Storm plunks down with a sigh, her muzzle resting beside the girl’s homemade boot, as if resigned to wait for her petting.
“Just don’t move,” I say to the girl. “You’ll be fine.”
Dalton begins his countdown. By the time he finishes, a man and a woman have emerged from the trees. Both are on the far side of fifty.
“It’s only us,” the woman says. “You have miscounted.”

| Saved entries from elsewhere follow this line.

(* Let $n\in\mathbb{N}=\{0,1,2,\ldots\}$ and let $r\in\{3,4,5,\ldots\}$. Then $2^{-n}\,\det\big[f^{(r)}_{i+j}\big]_{0\le i,j\le n}$ is an odd integer. Furthermore, $6^{-n}\,\det\big[f_{i+j}\big]_{0\le i,j\le n}$ is a positive odd integer.
   Context: For $m\in\mathbb{N}$, the Franel numbers are $f_m=\sum_{k=0}^m\binom{m}{k}^3$, and for an integer $r\ge 3$ the $r$-th order Franel numbers are $f^{(r)}_m=\sum_{k=0}^m\binom{m}{k}^r$. For a sequence $(a_m)_{m\ge0}$, $\det[a_{i+j}]_{0\le i,j\le n}$ denotes the determinant of the $(n+1)\times(n+1)$ Hankel matrix with $(i,j)$-entry $a_{i+j}$. *)

theory Defs
  imports "Jordan_Normal_Form.Determinant"
begin

definition franel_r :: "nat \<Rightarrow> nat \<Rightarrow> int" where
  "franel_r r m = (\<Sum>k=0..m. int (m choose k) ^ r)"

definition franel :: "nat \<Rightarrow> int" where
  "franel m = (\<Sum>k=0..m. int (m choose k) ^ 3)"

definition hankel_det :: "(nat \<Rightarrow> int) \<Rightarrow> nat \<Rightarrow> int" where
  "hankel_det a n = det (mat (n+1) (n+1) (\<lambda>(i,j). a (i+j)))"

end

theory Submission
  imports Defs "HOL-Library.Discrete_Functions" "HOL-Number_Theory.Cong"
begin

(* For r >= 2 the numbers a_m = f^(r)_m satisfy a_0 = 1 and, for m >= 1, a_m = 2 (mod 4) if m is
   a power of 2 and a_m = 0 (mod 4) otherwise: modulo 4 the even binomial coefficients cancel in
   symmetric pairs, and the number of odd entries in row m of Pascal's triangle is 2 (mod 4)
   exactly when m is a power of 2.
   Subtracting x_i times row 0 from row i of the Hankel matrix (x_i = 0 for f^(r), and
   x_i = -2 (-1)^i for f, since f_m = (-1)^m (mod 3)) makes rows 1..n divisible by d = 2 resp. 6.
   After dividing them by d the matrix is congruent mod 2 to one whose lower right block is the
   0-1 matrix [i + j is a power of 2]; exactly one permutation is supported by that block, so the
   quotient is odd.
   For positivity, f_m = N^-2 sum_{a,b<N} K(w^a, w^b)^m for N > m, where w = exp(2 pi i/N) and
   K(x,y) = (1+x)(1+y)(1+1/(xy)) is real on the unit torus: f is a moment sequence, so its Hankel
   matrix is positive definite. *)

section \<open>Franel numbers modulo 4\<close>

lemma sum_atMost_palindromic:
  fixes h :: "nat \<Rightarrow> 'a::comm_semiring_1"
  assumes sym: "\<And>k. k \<le> m \<Longrightarrow> h (m - k) = h k"
  shows "(\<Sum>k\<le>m. h k) = 2 * (\<Sum>k | 2 * k < m. h k) + (if even m then h (m div 2) else 0)"
proof -
  let ?L = "{k. 2 * k < m}" and ?M = "{k. 2 * k = m}" and ?U = "{k. m < 2 * k \<and> k \<le> m}"
  have fin: "finite ?L" "finite ?M" "finite ?U"
    by (rule finite_subset[of _ "{..m}"]; auto)+
  have "{..m} = ?L \<union> ?M \<union> ?U" by auto
  then have "(\<Sum>k\<le>m. h k) = (\<Sum>k\<in>?L \<union> ?M \<union> ?U. h k)" by simp
  also have "\<dots> = (\<Sum>k\<in>?L \<union> ?M. h k) + (\<Sum>k\<in>?U. h k)"
    by (rule sum.union_disjoint) (use fin in auto)
  also have "(\<Sum>k\<in>?L \<union> ?M. h k) = (\<Sum>k\<in>?L. h k) + (\<Sum>k\<in>?M. h k)"
    by (rule sum.union_disjoint) (use fin in auto)
  also have "(\<Sum>k\<in>?U. h k) = (\<Sum>k\<in>?L. h k)"
    by (rule sum.reindex_bij_witness[of _ "\<lambda>k. m - k" "\<lambda>k. m - k"]) (auto simp: sym)
  also have "?M = (if even m then {m div 2} else {})" by auto
  finally show ?thesis by (simp add: mult_2 add_ac)
qed
definition partitions :: "nat set \<Rightarrow> nat \<Rightarrow> nat multiset set" where
  "partitions P n = {M. set_mset M \<subseteq> P \<and> sum_mset M = n}"

lemma A_eq_card_partitions: "A L i n = card (partitions (parts_A L i) n)"
  by (simp add: A_def partitions_def)

lemma size_le_sum_mset: "0 \<notin># M \<Longrightarrow> size M \<le> sum_mset (M :: nat multiset)"
  by (induction M) auto

lemma mem_le_sum_mset: "x \<in># M \<Longrightarrow> x \<le> sum_mset (M :: nat multiset)"
  by (induction M) auto

lemma finite_partitions:
  assumes "0 \<notin> P"
  shows "finite (partitions P n)"
proof (rule finite_subset)
  show "partitions P n \<subseteq> (\<Union>s\<le>n. multisets_of_size {..n} s)"
  proof
    fix M assume "M \<in> partitions P n"
    then have "0 \<notin># M" "sum_mset M = n"
      using assms by (auto simp: partitions_def)
    then show "M \<in> (\<Union>s\<le>n. multisets_of_size {..n} s)"
      using size_le_sum_mset mem_le_sum_mset by (fastforce simp: multisets_of_size_def)
  qed
qed auto

lemma inj_on_image_mset:
  assumes "inj_on f S"
  shows "inj_on (image_mset f) {M. set_mset M \<subseteq> S}"
proof (rule inj_on_inverseI)
  fix M assume "M \<in> {M. set_mset M \<subseteq> S}"
  then show "image_mset (inv_into S f) (image_mset f M) = M"
    using assms by (auto simp: multiset.map_comp inv_into_f_f intro!: multiset.map_ident_strong)
qed

definition residue_count :: "nat \<Rightarrow> nat multiset \<Rightarrow> nat" where
  "residue_count r M = size (filter_mset (\<lambda>k. k mod 8 = r) M)"

lemma residue_count_empty [simp]: "residue_count r {#} = 0"
  by (simp add: residue_count_def)

lemma residue_count_add_mset [simp]:
  "residue_count r (add_mset k M) = residue_count r M + of_bool (k mod 8 = r)"
  by (simp add: residue_count_def)

lemma residue_count_union [simp]: "residue_count r (M + N) = residue_count r M + residue_count r N"
  by (simp add: residue_count_def)

lemma residue_count_replicate_mset [simp]:
  "residue_count r (replicate_mset m k) = m * of_bool (k mod 8 = r)"
  by (induction m) auto

lemma residue_count_image_mset:
  assumes "\<forall>k\<in>#M. f k mod 8 = r \<longleftrightarrow> k mod 8 = s"
  shows "residue_count r (image_mset f M) = residue_count s M"
  using assms by (induction M) auto

lemma sum_image_mset_shift:
  assumes "\<forall>k\<in>#M. int (f k) = int k + c * (of_bool (k mod 8 = p) - of_bool (k mod 8 = q))"
  shows "int (sum_mset (image_mset f M))
    = int (sum_mset M) + c * (int (residue_count p M) - int (residue_count q M))"
  using assms by (induction M) (auto simp: algebra_simps)

definition balance_0 :: "nat multiset \<Rightarrow> int" where
  "balance_0 T = int (residue_count 1 T) - int (residue_count 7 T)"

definition balance_1 :: "nat multiset \<Rightarrow> int" where
  "balance_1 M = int (residue_count 3 M) - int (residue_count 5 M)"

lemma balance_0_union [simp]: "balance_0 (M + N) = balance_0 M + balance_0 N"
  by (simp add: balance_0_def)
(* Let $i,j\in G$, let $\rho$ be a state on $L_2(G)$ with $\operatorname{Tr}K_{|\overline{b_i}\rangle\langle\overline{b_i}|}(\rho)>0$, and let $\gamma$ be a state on $L_2(G)$ such that $\operatorname{Tr}K_\gamma\big(U_jK_{|\overline{b_i}\rangle\langle\overline{b_i}|}(\rho)U_j^*\big)>0$. Then $\operatorname{Tr}_{1,2,3}(F_{i,j}\otimes I)(\rho\otimes\mathbf e(\gamma))(F_{i,j}\otimes I)>0$ and $$\Lambda_{i,j}(\rho\otimes\gamma)=\hat K_\gamma\circ K^j\circ\hat K_{|\overline{b_i}\rangle\langle\overline{b_i}|}(\rho),$$ where $K^j(\sigma)=U_j\sigma U_j^*$. Equivalently, $\Lambda_{i,j}(\rho\otimes\gamma)$ is the normalization to trace one of $K_\gamma(U_jB_i^*\rho B_iU_j^* )$.
   Context: Fix an integer $n\ge 1$ and $G=\{1,\dots,n\}$. $L_2(G)$ is the space of functions $f:G\to\mathbb C$ with inner product $\langle f,g\rangle=\sum_{k\in G}\overline{f(k)}g(k)$; $L_2(G^2)$, $L_2(G^3)$ are the analogous spaces on $G^2,G^3$, identified with tensor products via $(f\otimes g)(k,l)=f(k)g(l)$; the three factors of $L_2(G^3)=\mathcal H_1\otimes\mathcal H_2\otimes\mathcal H_3$ are numbered 1,2,3. For a vector $f$, $|f\rangle\langle f|$ is the operator $\phi\mapsto\langle f,\phi\rangle f$. $I$ is the identity. A state is a positive operator of trace 1. For $k,l\in G$, $k\oplus l$ is the unique element of $G$ congruent to $k+l$ modulo $n$. $\mathcal O_g$ is the multiplication operator $(\mathcal O_gf)(k)=g(k)f(k)$. $J:L_2(G)\to L_2(G^2)$ is $(Jf)(k,l)=f(k)\delta_{k,l}$. $U_k$ is the unitary $(U_kf)(m)=f(k\oplus m)$. $(b_k)_{k\in G}$ is a fixed orthonormal basis of $L_2(G)$, $B_k=\mathcal O_{b_k}$, $\overline{b_i}$ the complex conjugate function. $\xi_{k,l}(m,r)=b_k(m)\delta_{m,r\oplus l}$ and $F_{i,j}=|\xi_{i,j}\rangle\langle\xi_{i,j}|$ (an operator on $\mathcal H_1\otimes\mathcal H_2$). For a state $\gamma$, $\mathbf e(\gamma):=J\gamma J^*$ (a state on $\mathcal H_2\otimes\mathcal H_3$). For states $\rho,\gamma$ with positive denominator, $$\Lambda_{i,j}(\rho\otimes\gamma):=\frac{\operatorname{Tr}_{1,2}(F_{i,j}\otimes I)(\rho\otimes\mathbf e(\gamma))(F_{i,j}\otimes I)}{\operatorname{Tr}_{1,2,3}(F_{i,j}\otimes I)(\rho\otimes\mathbf e(\gamma))(F_{i,j}\otimes I)},$$ with $\operatorname{Tr}_{1,2}$ the partial trace over $\mathcal H_1\otimes\mathcal H_2$ and $\operatorname{Tr}_{1,2,3}$ the full trace. For a positive operator $\tau=\sum_k\gamma_k|h_k\rangle\langle h_k|$ ($\gamma_k\ge0$, $(h_k)$ orthonormal basis), $K_\tau(\rho):=\sum_k\gamma_k\mathcal O_{h_k}\rho\mathcal O_{h_k}^*$ for positive operators $\rho$ (independent of the representation of $\tau$); for $\rho$ with $\operatorname{Tr}K_\tau(\rho)>0$, $\hat K_\tau(\rho):=K_\tau(\rho)/\operatorname{Tr}K_\tau(\rho)$. In particular $K_{|\overline{b_i}\rangle\langle\overline{b_i}|}(\rho)=B_i^*\rho B_i$. *)

theory Defs
  imports Complex_Main "HOL-Library.Complex_Order"
begin

text \<open>Finite-dimensional operators are represented by their kernels (matrices):
  an operator A from L2(Y) to L2(X) is a function X -> Y -> complex, acting by
  (A f)(x) = sum over y of A x y * f y.\<close>

type_synonym ('a, 'b) kernel = "'a \<Rightarrow> 'b \<Rightarrow> complex"

definition G :: "nat \<Rightarrow> nat set" where
  "G n = {1..n}"

definition oplus :: "nat \<Rightarrow> nat \<Rightarrow> nat \<Rightarrow> nat" where
  "oplus n k l = (THE m. m \<in> G n \<and> m mod n = (k + l) mod n)"

definition inner :: "'a set \<Rightarrow> ('a \<Rightarrow> complex) \<Rightarrow> ('a \<Rightarrow> complex) \<Rightarrow> complex" where
  "inner X f g = (\<Sum>x\<in>X. cnj (f x) * g x)"

definition mmul :: "'z set \<Rightarrow> ('x, 'z) kernel \<Rightarrow> ('z, 'y) kernel \<Rightarrow> ('x, 'y) kernel" where
  "mmul Z A B = (\<lambda>x y. \<Sum>z\<in>Z. A x z * B z y)"

definition adj :: "('x, 'y) kernel \<Rightarrow> ('y, 'x) kernel" where
  "adj A = (\<lambda>y x. cnj (A x y))"

definition trace :: "'a set \<Rightarrow> ('a, 'a) kernel \<Rightarrow> complex" where
  "trace X A = (\<Sum>x\<in>X. A x x)"

definition positive_op :: "'a set \<Rightarrow> ('a, 'a) kernel \<Rightarrow> bool" where
  "positive_op X A \<longleftrightarrow> (\<forall>\<phi>. 0 \<le> (\<Sum>x\<in>X. \<Sum>y\<in>X. cnj (\<phi> x) * A x y * \<phi> y))"

definition is_state :: "'a set \<Rightarrow> ('a, 'a) kernel \<Rightarrow> bool" where
  "is_state X A \<longleftrightarrow> positive_op X A \<and> trace X A = 1"

definition ketbra :: "('a \<Rightarrow> complex) \<Rightarrow> ('a, 'a) kernel" where
  "ketbra f = (\<lambda>x y. f x * cnj (f y))"

definition idop :: "('a, 'a) kernel" where
  "idop = (\<lambda>x y. if x = y then 1 else 0)"

definition tensor :: "('a, 'a) kernel \<Rightarrow> ('b, 'b) kernel \<Rightarrow> ('a \<times> 'b, 'a \<times> 'b) kernel" where
  "tensor A B = (\<lambda>(x, y) (x', y'). A x x' * B y y')"

definition assoc_op :: "('a \<times> 'b \<times> 'c, 'a \<times> 'b \<times> 'c) kernel \<Rightarrow> (('a \<times> 'b) \<times> 'c, ('a \<times> 'b) \<times> 'c) kernel" where
  "assoc_op C = (\<lambda>((a, b), c) ((a', b'), c'). C (a, b, c) (a', b', c'))"

definition ptrace1 :: "'a set \<Rightarrow> ('a \<times> 'b, 'a \<times> 'b) kernel \<Rightarrow> ('b, 'b) kernel" where
  "ptrace1 X C = (\<lambda>y y'. \<Sum>x\<in>X. C (x, y) (x, y'))"

definition mult_op :: "('a \<Rightarrow> complex) \<Rightarrow> ('a, 'a) kernel" where
  "mult_op g = (\<lambda>x y. if x = y then g x else 0)"

definition Jop :: "(nat \<times> nat, nat) kernel" where
  "Jop = (\<lambda>(k, l) m. if k = l \<and> k = m then 1 else 0)"

definition Uop :: "nat \<Rightarrow> nat \<Rightarrow> (nat, nat) kernel" where
  "Uop n k = (\<lambda>m m'. if m' = oplus n k m then 1 else 0)"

“And you have mistaken me for an idiot incapable of counting.” He raises his voice. “I see you coming around beside me. Do you see the gun pointed at your fucking head?”
Silence. Then a dark figure appears from the shadows, heading for Blaze.
“Yeah, no,” Dalton says. “If you’re planning to spook my horse, thinking he’ll unseat me?” Dalton lowers the gun a foot over Blaze’s head and fires. Cricket does her two step and whinnies, but Blaze only twitches his ear, as if a fly buzzed past.
“Now get up there with the others,” Dalton says.
A young man steps out. He has a brace of rabbits over his shoulder.
“Good hunting?” I say.
He only stares. Keeps staring, his gaze traveling over me a little too slowly.
“Answer her, and keep your fucking eyes on her face,” Dalton says. “She asked you a polite question, as a reminder of how civilized people behave when they come across one another, each out minding their own business in the forest.”
“You his girl?” the young man asks.
“She’s . . .” Dalton hesitates, and I know he wants to say “my detective” because that is the respectful way to introduce me. But it might imply I’m single, and from the looks this kid is giving me, we’d best not go there.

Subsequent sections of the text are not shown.